---
title: "Contexts"
date: 2021-08-31T17:26:49-04:00
draft: false
weight: 20
description: >
    Contexts are the set of cloud resources used to run a workflow
---
## What is a Context?

A context is a set of cloud resources. Amazon Genomics CLI runs [workflows]( {{< relref "../workflows" >}} ) in a context. A deployed context will include an 
[engine]( {{< relref "../engines" >}}) that can interpret
and manage the running of a workflow along with compute resources that will run the individual tasks of the workflow. The
deployed context will also contain any resources needed by the engine or compute resources including any security, permissions
and [logging]( {{< relref "../logs" >}} ) capabilities. Deployed contexts are [namespaced]( {{< relref "../namespaces" >}}) based on the user, project and context name so that resources
are isolated, preventing collisions.

When a workflow is run the user will decide which context will run it. For example, you might choose to submit a workflow
to a context that uses "Spot priced" resources or one that uses "On Demand" priced resources.

When deployed context resources that require a VPC will be deployed into the VPC that was specified when the [account]( {{< relref "../accounts" >}} ) was
activated.

## How is a Context Defined?

A context is defined in the YAML file that defines the [project]( {{< relref "../projects" >}} ). A project has at least one context but may have many.
Contexts must have unique names and are defined as YAML maps.

A context may request use of [Spot priced](https://aws.amazon.com/ec2/spot/pricing/) compute resources with `requestSpotInstances: true`. The default value is `false`.
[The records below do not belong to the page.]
lemma exceeds_mono: "i < n \<Longrightarrow> exceeds i I x \<Longrightarrow> x \<le> x' \<Longrightarrow> exceeds i I x'"
  unfolding exceeds_def using coord_le_trans coord_le_if_le by blast

lemma sticks_out_mono: "I0 \<subseteq> I \<Longrightarrow> I' \<subseteq> I0' \<Longrightarrow> sticks_out i I I' \<Longrightarrow> sticks_out i I0 I0'"
  unfolding sticks_out_def exceeds_def by blast

lemma strict_subset_sticks_out:
  assumes I: "ideal_of I" and "I \<subset> I'"
  shows "\<exists>i<n. sticks_out i I I'"
proof (rule ccontr)
  assume "\<not> (\<exists>i<n. sticks_out i I I')"
  then have below: "\<exists>y\<in>I. coord_le i x y" if "i < n" "x \<in> I'" for i x
    using that unfolding sticks_out_def exceeds_def by auto
  obtain x where x: "x \<in> I'" "x \<notin> I" using \<open>I \<subset> I'\<close> by blast
  have "\<exists>y\<in>I. \<forall>i\<in>{..<n}. coord_le i x y"
  proof (rule ideal_of_common_witness[OF I])
    show "coord_le i x y'" if "i \<in> {..<n}" "coord_le i x y" "y \<le> y'" for i y y'
      using that coord_le_trans coord_le_if_le by (meson lessThan_iff)
  qed (use below x in auto)
  then obtain y where "y \<in> I" "\<And>i. i < n \<Longrightarrow> coord_le i x y" by auto
  then show False using ideal_of_downward[OF I] le_if_coord_le x(2) by blast
qed

end

section \<open>Homogeneous chains of ideals\<close>

locale homogeneous_ideal_chain = join_chain_embedding n C le f
  for n C and le :: "nat \<Rightarrow> 'a::semilattice_sup \<Rightarrow> 'a \<Rightarrow> bool" and f +
  fixes J :: "rat \<Rightarrow> 'a set" and K :: "nat set"
  assumes ideal_J: "ideal_of (J q)"
    and J_mono: "q \<le> q' \<Longrightarrow> J q \<subseteq> J q'"
    and K_sub: "K \<subseteq> {..<n}" and K_ne: "K \<noteq> {}"
    and sticks_out_K: "i \<in> K \<Longrightarrow> q < q' \<Longrightarrow> sticks_out i (J q) (J q')"
    and not_sticks_out: "i < n \<Longrightarrow> i \<notin> K \<Longrightarrow> q < q' \<Longrightarrow> \<not> sticks_out i (J q) (J q')"
begin

lemma K_less: "i \<in> K \<Longrightarrow> i < n"
  using K_sub by blast

lemma gap_hi_pos: "0 < gap_hi q"
  using gap_lo_pos gap_lo_less_gap_hi order.strict_trans by blast

lemma J_gap_hi_subset_gap_lo: "q < q' \<Longrightarrow> J (gap_hi q) \<subseteq> J (gap_lo q')"
  by (simp add: J_mono gap_hi_less_gap_lo less_imp_le)

lemma J_zero_subset_gap_lo: "J 0 \<subseteq> J (gap_lo q)"
  by (simp add: J_mono gap_lo_pos less_imp_le)

text \<open>For \<open>q < q'\<close> the witness of \<open>q\<close> lies in \<open>J (gap_lo q')\<close>, above which the witness of
  \<open>q'\<close> stands in every coordinate of \<open>K\<close>.\<close>

definition witness :: "rat \<Rightarrow> 'a" where
  "witness q = (SOME x. x \<in> J (gap_hi q) \<and> (\<forall>i\<in>K. exceeds i (J (gap_lo q)) x))"

lemma witness_spec: "witness q \<in> J (gap_hi q) \<and> (\<forall>i\<in>K. exceeds i (J (gap_lo q)) (witness q))"
proof -
  have "\<exists>x\<in>J (gap_hi q). \<forall>i\<in>K. exceeds i (J (gap_lo q)) x"
  proof (rule ideal_of_common_witness[OF ideal_J])
    show "finite K" using K_sub finite_subset by blast
    show "exceeds i (J (gap_lo q)) y'" if "i \<in> K" "exceeds i (J (gap_lo q)) y" "y \<le> y'" for i y y'
      using that K_less exceeds_mono by blast
    show "\<exists>y\<in>J (gap_hi q). exceeds i (J (gap_lo q)) y" if "i \<in> K" for i
      using sticks_out_K[OF that gap_lo_less_gap_hi] unfolding sticks_out_def .
  qed
  then obtain x where "x \<in> J (gap_hi q) \<and> (\<forall>i\<in>K. exceeds i (J (gap_lo q)) x)" by blast
  then show ?thesis unfolding witness_def by (rule someI)
qed

lemma witness_in_J: "witness q \<in> J (gap_hi q)"
  using witness_spec by blast

lemma witness_not_below: "i \<in> K \<Longrightarrow> x \<in> J (gap_lo q) \<Longrightarrow> \<not> coord_le i (witness q) x"
  using witness_spec unfolding exceeds_def by blast

lemma witness_coord_le: "i \<in> K \<Longrightarrow> q < q' \<Longrightarrow> coord_le i (witness q) (witness q')"
  using witness_not_below[of i "witness q" q'] witness_in_J J_gap_hi_subset_gap_lo coord_le_total K_less by blast

lemma witness_bounded_outside_K: "i < n \<Longrightarrow> i \<notin> K \<Longrightarrow> \<exists>y\<in>J 0. coord_le i (witness q) y"
  using not_sticks_out[OF _ _ gap_hi_pos, of i q] witness_in_J
  unfolding sticks_out_def exceeds_def by blast

lemma sup_witness_mono:
  assumes z: "z \<in> J 0" and dominates: "\<And>y i. y \<in> J 0 \<Longrightarrow> i < n \<Longrightarrow> i \<notin> K \<Longrightarrow> coord_le i y z"
    and "q < q'"
  shows "sup z (witness q) \<le> sup z (witness q')"
proof (rule le_if_coord_le)
  fix i assume i: "i < n"
  have z_below: "coord_le i z (sup z (witness q'))" by (rule coord_le_if_le[OF i sup_ge1])
  have "coord_le i (witness q) (sup z (witness q'))"
  proof (cases "i \<in> K")
    case True
    have "coord_le i (witness q') (sup z (witness q'))" by (rule coord_le_if_le[OF i sup_ge2])
    with witness_coord_le[OF True \<open>q < q'\<close>] show ?thesis by (rule coord_le_trans[OF i])
  next
    case False
    obtain y where "y \<in> J 0" "coord_le i (witness q) y"
      using witness_bounded_outside_K[OF i False] by blast
    then have "coord_le i (witness q) z"
      using coord_le_trans[OF i] dominates[OF _ i False] by blast
    then show ?thesis using z_below by (rule coord_le_trans[OF i])
  qed
  with z_below show "coord_le i (sup z (witness q)) (sup z (witness q'))"
    by (rule coord_le_sup_left[OF i])
qed

lemma sup_witness_neq:
  assumes "z \<in> J 0" "q < q'"
  shows "sup z (witness q) \<noteq> sup z (witness q')"
proof
  assume eq: "sup z (witness q) = sup z (witness q')"
  obtain i where i: "i \<in> K" using K_ne by blast
  have "sup z (witness q) \<in> J (gap_lo q')"
    using ideal_of_sup[OF ideal_J] assms J_zero_subset_gap_lo witness_in_J J_gap_hi_subset_gap_lo by blast
  then have "\<not> coord_le i (witness q') (sup z (witness q))" by (rule witness_not_below[OF i])
  moreover have "coord_le i (witness q') (sup z (witness q'))"
    by (rule coord_le_if_le[OF K_less[OF i] sup_ge2])
  ultimately show False using eq by simp
qed

lemma not_scattered_if_dominated:
  assumes "z \<in> J 0" "\<And>y i. y \<in> J 0 \<Longrightarrow> i < n \<Longrightarrow> i \<notin> K \<Longrightarrow> coord_le i y z"
  shows "\<not> order_scattered_on (UNIV :: 'a set) (\<le>)"
proof -
  have "strict_mono (\<lambda>q. sup z (witness q))"
    by (rule strict_monoI, rule le_neq_trans) (use sup_witness_mono[OF assms] sup_witness_neq[OF assms(1)] in auto)
  then show ?thesis by (rule strict_mono_imp_not_order_scattered) simp
qed

end

subsection \<open>The undominated case: a copy of \<open>\<Omega>(\<eta>)\<close>\<close>

locale undominated_ideal_chain = homogeneous_ideal_chain +
  assumes undominated: "z \<in> J 0 \<Longrightarrow> \<exists>y\<in>J 0. \<exists>i<n. i \<notin> K \<and> \<not> coord_le i y z"
begin

definition escape :: "'a \<Rightarrow> 'a" where
  "escape z = (SOME y. y \<in> J 0 \<and> (\<exists>i<n. i \<notin> K \<and> \<not> coord_le i y z))"

text \<open>Each level of \<open>\<Omega>(\<eta>)\<close> is finite, so one element of \<open>J 0\<close> dominates, outside \<open>K\<close>,
  the witnesses of all its points.\<close>

definition level_bound :: "nat \<Rightarrow> 'a" where
  "level_bound m = (SOME y. y \<in> J 0 \<and>
     (\<forall>p\<in>({..<n} - K) \<times> {r. (m, r) \<in> Omega_eta}. coord_le (fst p) (witness (snd p)) y))"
A context must define an array of one or more `engines`. Each engine definition must specify the workflow language that it 
will interpret. For each language Amazon Genomics CLI has a default engine however, users may specify the exact engine in the `engine`
parameter.

## General Architecture of a Context

The exact architecture of a context will depend on the context properties described below and defined in their `agc-project.yaml`. However, the architecture deployed on execution of `agc context deploy` is shown in the following diagram:

![Image of the general architecture of a context](ContextGeneralArchitecture.png "General Architecture of a Context")

## Context Properties

### Instance Types

You may optionally specify the instance types to be used in a context. This can be a specific type such as `r5.2xlarge`
or it can be an instance family such as `c5` or a combination. By default, a context will use instance types up to `4xlarge`

> Note, if you only specify large instance types you will be using those instances for running even the smallest tasks so
we recommend including smaller types as well.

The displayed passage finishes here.